--- START ---
definition fa_endo :: "(('k::field) fa \<Rightarrow> 'k fa) \<Rightarrow> bool" where
  "fa_endo \<phi> \<longleftrightarrow>
     (\<forall>f\<in>FA. \<phi> f \<in> FA) \<and>
     (\<forall>f\<in>FA. \<forall>g\<in>FA. \<phi> (fa_add f g) = fa_add (\<phi> f) (\<phi> g)) \<and>
     (\<forall>c. \<forall>f\<in>FA. \<phi> (fa_smult c f) = fa_smult c (\<phi> f)) \<and>
     (\<forall>f\<in>FA. \<forall>g\<in>FA. \<phi> (fa_mult f g) = fa_mult (\<phi> f) (\<phi> g))"

definition fa_subspace :: "('k::field) fa set \<Rightarrow> bool" where
  "fa_subspace V \<longleftrightarrow> V \<subseteq> FA \<and> fa_zero \<in> V \<and>
     (\<forall>f\<in>V. \<forall>g\<in>V. fa_add f g \<in> V) \<and> (\<forall>c. \<forall>f\<in>V. fa_smult c f \<in> V)"

definition T_space :: "('k::field) fa set \<Rightarrow> bool" where
  "T_space V \<longleftrightarrow> fa_subspace V \<and> (\<forall>\<phi>. fa_endo \<phi> \<longrightarrow> (\<forall>f\<in>V. \<phi> f \<in> V))"

definition T_gen :: "('k::field) fa set \<Rightarrow> 'k fa set" where
  "T_gen S = \<Inter>{V. T_space V \<and> S \<subseteq> V}"

text \<open>S_d(v_1,...,v_d) = sum over permutations sigma of prod_i v_{sigma(i)};
  here v is indexed by 0..d-1.\<close>
definition S_poly :: "nat \<Rightarrow> (nat \<Rightarrow> ('k::field) fa) \<Rightarrow> 'k fa" where
  "S_poly d v = (\<lambda>w. \<Sum>\<sigma>\<in>{\<sigma>. \<sigma> permutes {0..<d}}.
                     fa_listprod (map (\<lambda>i. v (\<sigma> i)) [0..<d]) w)"

end

theory Submission
  imports Defs "HOL-Library.Poly_Mapping"
begin

text \<open>Every monomial of \<open>S\<^sub>d(x\<^sub>1,\<dots>,x\<^sub>d)\<close> uses each of \<open>x\<^sub>1,\<dots>,x\<^sub>d\<close>
  exactly once. For such a word the Leibniz rule expands \<open>[w, u]\<close> into the sum over \<open>m\<close>
  of the words obtained by replacing the letter \<open>x\<^sub>m\<close> with \<open>[x\<^sub>m, u]\<close>. Hence
  \<open>[S\<^sub>d, u] = \<Sum>\<^sub>m \<phi>\<^sub>m(S\<^sub>d)\<close>, where \<open>\<phi>\<^sub>m\<close> is the endomorphism
  \<open>x\<^sub>m \<mapsto> [x\<^sub>m, u]\<close> fixing the other generators, and every \<open>T\<close>-space containing
  \<open>S\<^sub>d\<close> contains this sum.\<close>

text \<open>Words form the free monoid, so the convolution algebra \<open>nat list \<Rightarrow>\<^sub>0 'k\<close> is the
  free associative algebra with identity; \<open>k\<^sub>0\<langle>X\<rangle>\<close> is its part with zero coefficient
  at the empty word.\<close>

instantiation list :: (type) monoid_add
begin
definition zero_list_def: "(0::'a list) = []"
definition plus_list_def: "(xs::'a list) + ys = xs @ ys"
instance by standard (simp_all add: zero_list_def plus_list_def)
end

type_synonym 'k ncpoly = "nat list \<Rightarrow>\<^sub>0 'k"

lemma lookup_times_ncpoly:
  fixes p q :: "('k::semiring_0) ncpoly"
  shows "Poly_Mapping.lookup (p * q) w =
    (\<Sum>i\<le>length w. Poly_Mapping.lookup p (take i w) * Poly_Mapping.lookup q (drop i w))"
proof -
  let ?f = "Poly_Mapping.lookup p" and ?g = "Poly_Mapping.lookup q"
  let ?splits = "(\<lambda>i. (take i w, drop i w)) ` {..length w}"
  have fin: "finite {k. ?f k \<noteq> 0}" "finite {k. ?g k \<noteq> 0}"
    by (simp_all flip: keys.rep_eq)
  have "Poly_Mapping.lookup (p * q) w = (\<Sum>(a, b). ?f a * ?g b when w = a + b)"
    by (simp add: times_poly_mapping.rep_eq prod_fun_unfold_prod[OF fin])
  also have "\<dots> = (\<Sum>(a, b)\<in>?splits. ?f a * ?g b when w = a + b)"
  proof (rule Sum_any.expand_superset)
    show "{ab. (case ab of (a, b) \<Rightarrow> ?f a * ?g b when w = a + b) \<noteq> 0} \<subseteq> ?splits"
    proof
      fix ab assume "ab \<in> {ab. (case ab of (a, b) \<Rightarrow> ?f a * ?g b when w = a + b) \<noteq> 0}"
      then obtain a b where "ab = (a, b)" "w = a @ b"
        by (cases ab) (auto simp: plus_list_def split: if_splits)
      then show "ab \<in> ?splits"
        by (auto intro!: image_eqI[where x = "length a"])
    qed
  qed simp
  also have "\<dots> = (\<Sum>i\<le>length w. ?f (take i w) * ?g (drop i w))"
    by (subst sum.reindex) (auto simp: inj_on_def plus_list_def, metis length_take min.absorb2)
  finally show ?thesis .
qed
--- END ---
Return the listing above word for word.

# Solution
definition fa_endo :: "(('k::field) fa \<Rightarrow> 'k fa) \<Rightarrow> bool" where
  "fa_endo \<phi> \<longleftrightarrow>
     (\<forall>f\<in>FA. \<phi> f \<in> FA) \<and>
     (\<forall>f\<in>FA. \<forall>g\<in>FA. \<phi> (fa_add f g) = fa_add (\<phi> f) (\<phi> g)) \<and>
     (\<forall>c. \<forall>f\<in>FA. \<phi> (fa_smult c f) = fa_smult c (\<phi> f)) \<and>
     (\<forall>f\<in>FA. \<forall>g\<in>FA. \<phi> (fa_mult f g) = fa_mult (\<phi> f) (\<phi> g))"

definition fa_subspace :: "('k::field) fa set \<Rightarrow> bool" where
  "fa_subspace V \<longleftrightarrow> V \<subseteq> FA \<and> fa_zero \<in> V \<and>
     (\<forall>f\<in>V. \<forall>g\<in>V. fa_add f g \<in> V) \<and> (\<forall>c. \<forall>f\<in>V. fa_smult c f \<in> V)"

definition T_space :: "('k::field) fa set \<Rightarrow> bool" where
  "T_space V \<longleftrightarrow> fa_subspace V \<and> (\<forall>\<phi>. fa_endo \<phi> \<longrightarrow> (\<forall>f\<in>V. \<phi> f \<in> V))"

definition T_gen :: "('k::field) fa set \<Rightarrow> 'k fa set" where
  "T_gen S = \<Inter>{V. T_space V \<and> S \<subseteq> V}"

text \<open>S_d(v_1,...,v_d) = sum over permutations sigma of prod_i v_{sigma(i)};
  here v is indexed by 0..d-1.\<close>
definition S_poly :: "nat \<Rightarrow> (nat \<Rightarrow> ('k::field) fa) \<Rightarrow> 'k fa" where
  "S_poly d v = (\<lambda>w. \<Sum>\<sigma>\<in>{\<sigma>. \<sigma> permutes {0..<d}}.
                     fa_listprod (map (\<lambda>i. v (\<sigma> i)) [0..<d]) w)"

end

theory Submission
  imports Defs "HOL-Library.Poly_Mapping"
begin

text \<open>Every monomial of \<open>S\<^sub>d(x\<^sub>1,\<dots>,x\<^sub>d)\<close> uses each of \<open>x\<^sub>1,\<dots>,x\<^sub>d\<close>
  exactly once. For such a word the Leibniz rule expands \<open>[w, u]\<close> into the sum over \<open>m\<close>
  of the words obtained by replacing the letter \<open>x\<^sub>m\<close> with \<open>[x\<^sub>m, u]\<close>. Hence
  \<open>[S\<^sub>d, u] = \<Sum>\<^sub>m \<phi>\<^sub>m(S\<^sub>d)\<close>, where \<open>\<phi>\<^sub>m\<close> is the endomorphism
  \<open>x\<^sub>m \<mapsto> [x\<^sub>m, u]\<close> fixing the other generators, and every \<open>T\<close>-space containing
  \<open>S\<^sub>d\<close> contains this sum.\<close>

text \<open>Words form the free monoid, so the convolution algebra \<open>nat list \<Rightarrow>\<^sub>0 'k\<close> is the
  free associative algebra with identity; \<open>k\<^sub>0\<langle>X\<rangle>\<close> is its part with zero coefficient
  at the empty word.\<close>

instantiation list :: (type) monoid_add
begin
definition zero_list_def: "(0::'a list) = []"
definition plus_list_def: "(xs::'a list) + ys = xs @ ys"
instance by standard (simp_all add: zero_list_def plus_list_def)
end

type_synonym 'k ncpoly = "nat list \<Rightarrow>\<^sub>0 'k"

lemma lookup_times_ncpoly:
  fixes p q :: "('k::semiring_0) ncpoly"
  shows "Poly_Mapping.lookup (p * q) w =
    (\<Sum>i\<le>length w. Poly_Mapping.lookup p (take i w) * Poly_Mapping.lookup q (drop i w))"
proof -
  let ?f = "Poly_Mapping.lookup p" and ?g = "Poly_Mapping.lookup q"
  let ?splits = "(\<lambda>i. (take i w, drop i w)) ` {..length w}"
  have fin: "finite {k. ?f k \<noteq> 0}" "finite {k. ?g k \<noteq> 0}"
    by (simp_all flip: keys.rep_eq)
  have "Poly_Mapping.lookup (p * q) w = (\<Sum>(a, b). ?f a * ?g b when w = a + b)"
    by (simp add: times_poly_mapping.rep_eq prod_fun_unfold_prod[OF fin])
  also have "\<dots> = (\<Sum>(a, b)\<in>?splits. ?f a * ?g b when w = a + b)"
  proof (rule Sum_any.expand_superset)
    show "{ab. (case ab of (a, b) \<Rightarrow> ?f a * ?g b when w = a + b) \<noteq> 0} \<subseteq> ?splits"
    proof
      fix ab assume "ab \<in> {ab. (case ab of (a, b) \<Rightarrow> ?f a * ?g b when w = a + b) \<noteq> 0}"
      then obtain a b where "ab = (a, b)" "w = a @ b"
        by (cases ab) (auto simp: plus_list_def split: if_splits)
      then show "ab \<in> ?splits"
        by (auto intro!: image_eqI[where x = "length a"])
    qed
  qed simp
  also have "\<dots> = (\<Sum>i\<le>length w. ?f (take i w) * ?g (drop i w))"
    by (subst sum.reindex) (auto simp: inj_on_def plus_list_def, metis length_take min.absorb2)
  finally show ?thesis .
qed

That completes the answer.